Assigned task: Wherever the word "that" shows up in the data, report the line it sits in.

Records for the task:
(* Let $c,d>0$, $g(x)=xF(c,d;c+d;x)$ for $x\in(0,1)$, let $0<a<1<b$, and set $\varphi(y)=\max\{y^a,y^b\}$ and $\varphi^{-1}(y)=\min\{y^{1/a},y^{1/b}\}$ for $y>0$. Let $\beta\in(0,1)$ be the unique solution of $$g\!\left(\frac{\varphi^{-1}(x/(1-x))}{1+\varphi^{-1}(x/(1-x))}\right)=1.$$ Put $a_0=\frac{cd}{c+d}$, $h=\frac{a_0^2}{c+d+1}$, $c_0=1-\frac{1}{2\log 2}$, $c_1=\frac{1}{\log 2}-1$. Then (1) if $(a_0-1)/h\le c_0$, then $\beta>1/2$; (2) if $(a_0-1)/h\ge c_1$, then $\beta<1/2$.
   Context: $F(a,b;c;x)$ is the Gaussian hypergeometric function $\sum_{n\ge0}\frac{(a)_n(b)_n}{(c)_n}\frac{x^n}{n!}$ ($|x|<1$), with $(a)_n=a(a+1)\cdots(a+n-1)$, $(a)_0=1$. *)

theory Defs
  imports Complex_Main
begin

text \<open>Gaussian hypergeometric function F(a,b;c;x), as a power series (meant for |x| < 1).\<close>
definition hyp2F1 :: "real \<Rightarrow> real \<Rightarrow> real \<Rightarrow> real \<Rightarrow> real" where
  "hyp2F1 a b c x =
     (\<Sum>n. pochhammer a n * pochhammer b n / pochhammer c n * x ^ n / fact n)"

definition gfun :: "real \<Rightarrow> real \<Rightarrow> real \<Rightarrow> real" where
  "gfun c d x = x * hyp2F1 c d (c + d) x"

definition phi :: "real \<Rightarrow> real \<Rightarrow> real \<Rightarrow> real" where
  "phi a b y = max (y powr a) (y powr b)"

definition phi_inv :: "real \<Rightarrow> real \<Rightarrow> real \<Rightarrow> real" where
  "phi_inv a b y = min (y powr (1 / a)) (y powr (1 / b))"

definition beta_eq :: "real \<Rightarrow> real \<Rightarrow> real \<Rightarrow> real \<Rightarrow> real \<Rightarrow> bool" where
  "beta_eq c d a b x =
     (let u = phi_inv a b (x / (1 - x)) in gfun c d (u / (1 + u)) = 1)"

end

theory Submission
  imports Defs "HOL-Analysis.Harmonic_Numbers"
begin

text \<open>
  Write a = cd/(c+d) and p = c+d.  The Taylor coefficients K_n of F(c,d;c+d;x) depend only
  on (a,p): K_0 = 1 and K_{n+1} = K_n (n + ap/(p+n))/(n+1).  Let F(z) = sum K_n z^n.

  If beta solves the defining equation, then z = u/(1+u) with
  u = phi^{-1}(beta/(1-beta)) satisfies z F(z) = 1, and z lies on the same side of 1/2 as
  beta.  As z F(z) is increasing, F(1/2) < 2 gives beta > 1/2 and F(1/2) > 2 gives beta < 1/2.

  Comparison sequence.  B_n(e,eta) = 1 + e H_n - eta (n - H_n) (H_n harmonic numbers) has
  sum B_n/2^n = 2 + 2e ln 2 - eta (2 - 2 ln 2), from sum H_n/2^n = 2 ln 2 and sum n/2^n = 2.

  Part (2).  With e = a-1, h = a^2/(p+1), eta = max(h,e), induction gives K_n >= B_n(e,eta);
  the hypothesis makes the comparison sum >= 2, and K_2 > B_2 makes F(1/2) > 2.

  If a <= 1 then F(1/2) < 1 + a <= 2.  If a > 1, the hypothesis (with ln 2 <= 0.69324)
  and p >= 4a force a <= 1.0605 and (a-1)p < 1, so the K_n decrease from n = 1 and F(1/2) is
  below a truncation plus a geometric tail.  For p >= 20 this truncation is bounded by that of
  B_n(e, 661/269 e), which equals 2; for p <= 20 by exact rational values on a finite grid,
  using monotonicity of the K_n in (a,p).
\<close>

text \<open>The ratio of consecutive Taylor coefficients of F(c,d;c+d;x), written in terms of
  a = cd/(c+d) and p = c+d: (c+n)(d+n)/((c+d+n)(n+1)) = (n + ap/(p+n))/(n+1).\<close>
definition hg_ratio :: "real \<Rightarrow> real \<Rightarrow> nat \<Rightarrow> real" where
  "hg_ratio a p n = (real n + a * p / (p + real n)) / (real n + 1)"

fun hg_coeff :: "real \<Rightarrow> real \<Rightarrow> nat \<Rightarrow> real" where
  "hg_coeff a p 0 = 1"
| "hg_coeff a p (Suc n) = hg_coeff a p n * hg_ratio a p n"

definition hg_series :: "real \<Rightarrow> real \<Rightarrow> real \<Rightarrow> real" where
  "hg_series a p z = (\<Sum>n. hg_coeff a p n * z ^ n)"

lemma hg_ratio_pos: "a > 0 \<Longrightarrow> p > 0 \<Longrightarrow> hg_ratio a p n > 0"
  unfolding hg_ratio_def by (simp add: add_nonneg_pos)

lemma hg_coeff_pos: "a > 0 \<Longrightarrow> p > 0 \<Longrightarrow> hg_coeff a p n > 0"
  by (induction n) (simp_all add: hg_ratio_pos)

lemma hg_ratio_le_one:
  assumes "p > 0" "(a - 1) * p \<le> real n" shows "hg_ratio a p n \<le> 1"
proof -
  have "a * p \<le> p + real n" using assms by (simp add: algebra_simps)
  then have "a * p / (p + real n) \<le> 1" using assms by (simp add: divide_le_eq)
  then show ?thesis unfolding hg_ratio_def by (simp add: divide_le_eq)
qed

lemma hg_ratio_less_one:
  assumes "p > 0" "(a - 1) * p < real n" shows "hg_ratio a p n < 1"
proof -
  have "a * p < p + real n" using assms by (simp add: algebra_simps)
  then have "a * p / (p + real n) < 1" using assms by (simp add: divide_less_eq)
  then show ?thesis unfolding hg_ratio_def by (simp add: divide_less_eq)
qed

lemma hg_ratio_mono:
  assumes "0 < a" "a \<le> a'" "0 < p" "p \<le> p'"
  shows "hg_ratio a p n \<le> hg_ratio a' p' n"
proof -
  have "p / (p + real n) \<le> p' / (p' + real n)"
    using assms by (simp add: field_simps mult_right_mono)
  then have "a * (p / (p + real n)) \<le> a' * (p' / (p' + real n))"
    using assms by (intro mult_mono) auto
  then show ?thesis unfolding hg_ratio_def by (intro divide_right_mono) auto
qed

lemma hg_coeff_mono:
  assumes "0 < a" "a \<le> a'" "0 < p" "p \<le> p'"
  shows "hg_coeff a p n \<le> hg_coeff a' p' n"
proof (induction n)
  case (Suc n)
  then show ?case
    using hg_ratio_mono[OF assms, of n] hg_ratio_pos[of a p n] hg_coeff_pos[of a p n] assms
    by (auto intro!: mult_mono)
qed simp

lemma hg_ratio_pochhammer:
  assumes "c > 0" "d > 0"
  shows "(c + real n) * (d + real n) / ((c + d + real n) * (real n + 1))
           = hg_ratio (c * d / (c + d)) (c + d) n"
proof -
  have cd: "c * d / (c + d) * (c + d) = c * d" using assms by simp
  have "(c + real n) * (d + real n) = real n * ((c + d) + real n) + c * d"
    by (simp add: algebra_simps)
  then show ?thesis using assms unfolding hg_ratio_def cd by (simp add: field_simps)
qed

lemma hg_coeff_pochhammer:
  assumes "c > 0" "d > 0"
  shows "pochhammer c n * pochhammer d n / pochhammer (c + d) n / fact n
           = hg_coeff (c * d / (c + d)) (c + d) n"
proof (induction n)
  case (Suc n)
  have "pochhammer (c + d) n > 0" using assms by (intro pochhammer_pos) simp
  then have "pochhammer c (Suc n) * pochhammer d (Suc n) / pochhammer (c + d) (Suc n) / fact (Suc n)
      = (pochhammer c n * pochhammer d n / pochhammer (c + d) n / fact n) *
        ((c + real n) * (d + real n) / ((c + d + real n) * (real n + 1)))"
    using assms by (simp add: pochhammer_Suc field_simps)
  also have "\<dots> = hg_coeff (c * d / (c + d)) (c + d) (Suc n)"
    unfolding Suc hg_ratio_pochhammer[OF assms] by simp
  finally show ?case .
qed simp

lemma gfun_eq_hg_series:
  assumes "c > 0" "d > 0"
  shows "gfun c d x = x * hg_series (c * d / (c + d)) (c + d) x"
proof -
  have "pochhammer c n * pochhammer d n / pochhammer (c + d) n * x ^ n / fact n
        = hg_coeff (c * d / (c + d)) (c + d) n * x ^ n" for n
  proof -
    have "pochhammer c n * pochhammer d n / pochhammer (c + d) n * x ^ n / fact n
          = (pochhammer c n * pochhammer d n / pochhammer (c + d) n / fact n) * x ^ n"
      by simp
    then show ?thesis by (simp only: hg_coeff_pochhammer[OF assms])
  qed
  then show ?thesis unfolding gfun_def hyp2F1_def hg_series_def by simp
qed

text \<open>Convergence on [0,1) follows by the ratio test, as the ratio is at most 1 + a/(n+1).\<close>
lemma hg_ratio_le:
  assumes "a > 0" "p > 0" shows "hg_ratio a p n \<le> 1 + a / (real n + 1)"
proof -
  have "a * p / (p + real n) \<le> a" using assms by (simp add: field_simps mult_left_mono)
  then have "hg_ratio a p n \<le> (real n + 1 + a) / (real n + 1)"
    unfolding hg_ratio_def by (intro divide_right_mono) auto
  also have "\<dots> = 1 + a / (real n + 1)" by (simp add: field_simps)
  finally show ?thesis .
qed

lemma hg_coeff_summable:
  assumes "a > 0" "p > 0" "0 \<le> z" "z < 1"
  shows "summable (\<lambda>n. hg_coeff a p n * z ^ n)"
proof (rule summable_ratio_test[where c = "(1 + z) / 2" and N = "nat \<lceil>2 * a / (1 - z)\<rceil>"])
  fix n assume "nat \<lceil>2 * a / (1 - z)\<rceil> \<le> n"
  then have small: "a / (real n + 1) \<le> (1 - z) / 2"
    using assms by (simp add: field_simps)
  have "hg_ratio a p n \<le> 1 + (1 - z) / 2" using hg_ratio_le[OF assms(1,2), of n] small by linarith
  then have "z * hg_ratio a p n \<le> z * (1 + (1 - z) / 2)"
    using assms by (intro mult_left_mono) auto
  also have "\<dots> \<le> (1 + z) / 2"
  proof -
    have "z * ((1 - z) / 2) \<le> (1 - z) / 2" using assms by (intro mult_left_le_one_le) auto
    then show ?thesis by (simp add: distrib_left)
  qed
  finally have ratio: "z * hg_ratio a p n \<le> (1 + z) / 2" .
  have nonneg: "hg_coeff a p n * z ^ n \<ge> 0"
    using hg_coeff_pos[OF assms(1,2), of n] assms by simp
  have "norm (hg_coeff a p (Suc n) * z ^ Suc n) = (hg_coeff a p n * z ^ n) * (z * hg_ratio a p n)"
    using hg_coeff_pos[OF assms(1,2), of n] hg_ratio_pos[OF assms(1,2), of n] assms
    by (simp add: abs_mult)
  also have "\<dots> \<le> (hg_coeff a p n * z ^ n) * ((1 + z) / 2)"
    using ratio nonneg by (rule mult_left_mono)
  also have "\<dots> = (1 + z) / 2 * norm (hg_coeff a p n * z ^ n)"
    using nonneg by simp
  finally show "norm (hg_coeff a p (Suc n) * z ^ Suc n) \<le> (1 + z) / 2 * norm (hg_coeff a p n * z ^ n)" .
qed (use assms in simp)

lemma hg_series_nonneg:
  "a > 0 \<Longrightarrow> p > 0 \<Longrightarrow> 0 \<le> z \<Longrightarrow> z < 1 \<Longrightarrow> 0 \<le> hg_series a p z"
  unfolding hg_series_def using hg_coeff_summable[of a p z] hg_coeff_pos[of a p]
  by (intro suminf_nonneg) (auto simp: less_imp_le)

text \<open>z F(z) is increasing on [0,1): this is what turns the equation z F(z) = 1 into a
  comparison of F(1/2) with 2.\<close>
lemma hg_series_scaled_mono:
  assumes "a > 0" "p > 0" "0 \<le> z1" "z1 \<le> z2" "z2 < 1"
  shows "z1 * hg_series a p z1 \<le> z2 * hg_series a p z2"
proof (rule mult_mono)
  show "hg_series a p z1 \<le> hg_series a p z2"
    unfolding hg_series_def using assms hg_coeff_summable[OF assms(1,2)] hg_coeff_pos[OF assms(1,2)]
    by (intro suminf_le mult_left_mono power_mono) (auto intro: less_imp_le)
qed (use assms hg_series_nonneg in auto)

lemma phi_inv_le_one: "0 < y \<Longrightarrow> y \<le> 1 \<Longrightarrow> 0 < a \<Longrightarrow> phi_inv a b y \<le> 1"
  unfolding phi_inv_def by (simp add: min_le_iff_disj powr_le1)

lemma phi_inv_ge_one: "1 \<le> y \<Longrightarrow> 0 < a \<Longrightarrow> 0 < b \<Longrightarrow> 1 \<le> phi_inv a b y"
  unfolding phi_inv_def by (simp add: ge_one_powr_ge_zero)

lemma beta_eq_point:
  assumes "c > 0" "d > 0" "0 < a" "0 < b" "\<beta> \<in> {0<..<1}" "beta_eq c d a b \<beta>"
  obtains z where "0 < z" "z < 1" "z * hg_series (c * d / (c + d)) (c + d) z = 1"
    and "\<beta> \<le> 1/2 \<Longrightarrow> z \<le> 1/2" and "1/2 \<le> \<beta> \<Longrightarrow> 1/2 \<le> z"
proof -
  define y where "y = \<beta> / (1 - \<beta>)"
  define u where "u = phi_inv a b y"
  have y0: "y > 0" using assms(5) unfolding y_def by simp
  have u0: "u > 0" unfolding u_def phi_inv_def using y0 by simp
  have "gfun c d (u / (1 + u)) = 1"
    using assms(6) unfolding beta_eq_def Let_def y_def[symmetric] u_def[symmetric] .
  then have "u / (1 + u) * hg_series (c * d / (c + d)) (c + d) (u / (1 + u)) = 1"
    using gfun_eq_hg_series[OF assms(1,2)] by simp
  moreover have "u \<le> 1" if "\<beta> \<le> 1/2"
    unfolding u_def using that assms(3,5) y0 by (intro phi_inv_le_one) (auto simp: y_def field_simps)
  moreover have "1 \<le> u" if "1/2 \<le> \<beta>"
    unfolding u_def using that assms(3-5) by (intro phi_inv_ge_one) (auto simp: y_def field_simps)
  ultimately show ?thesis using u0 by (intro that[of "u / (1 + u)"]) (auto simp: field_simps)
qed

Expected answer:
  below a truncation plus a geometric tail.  For p >= 20 this truncation is bounded by that of
    unfolding u_def using that assms(3,5) y0 by (intro phi_inv_le_one) (auto simp: y_def field_simps)
    unfolding u_def using that assms(3-5) by (intro phi_inv_ge_one) (auto simp: y_def field_simps)
  ultimately show ?thesis using u0 by (intro that[of "u / (1 + u)"]) (auto simp: field_simps)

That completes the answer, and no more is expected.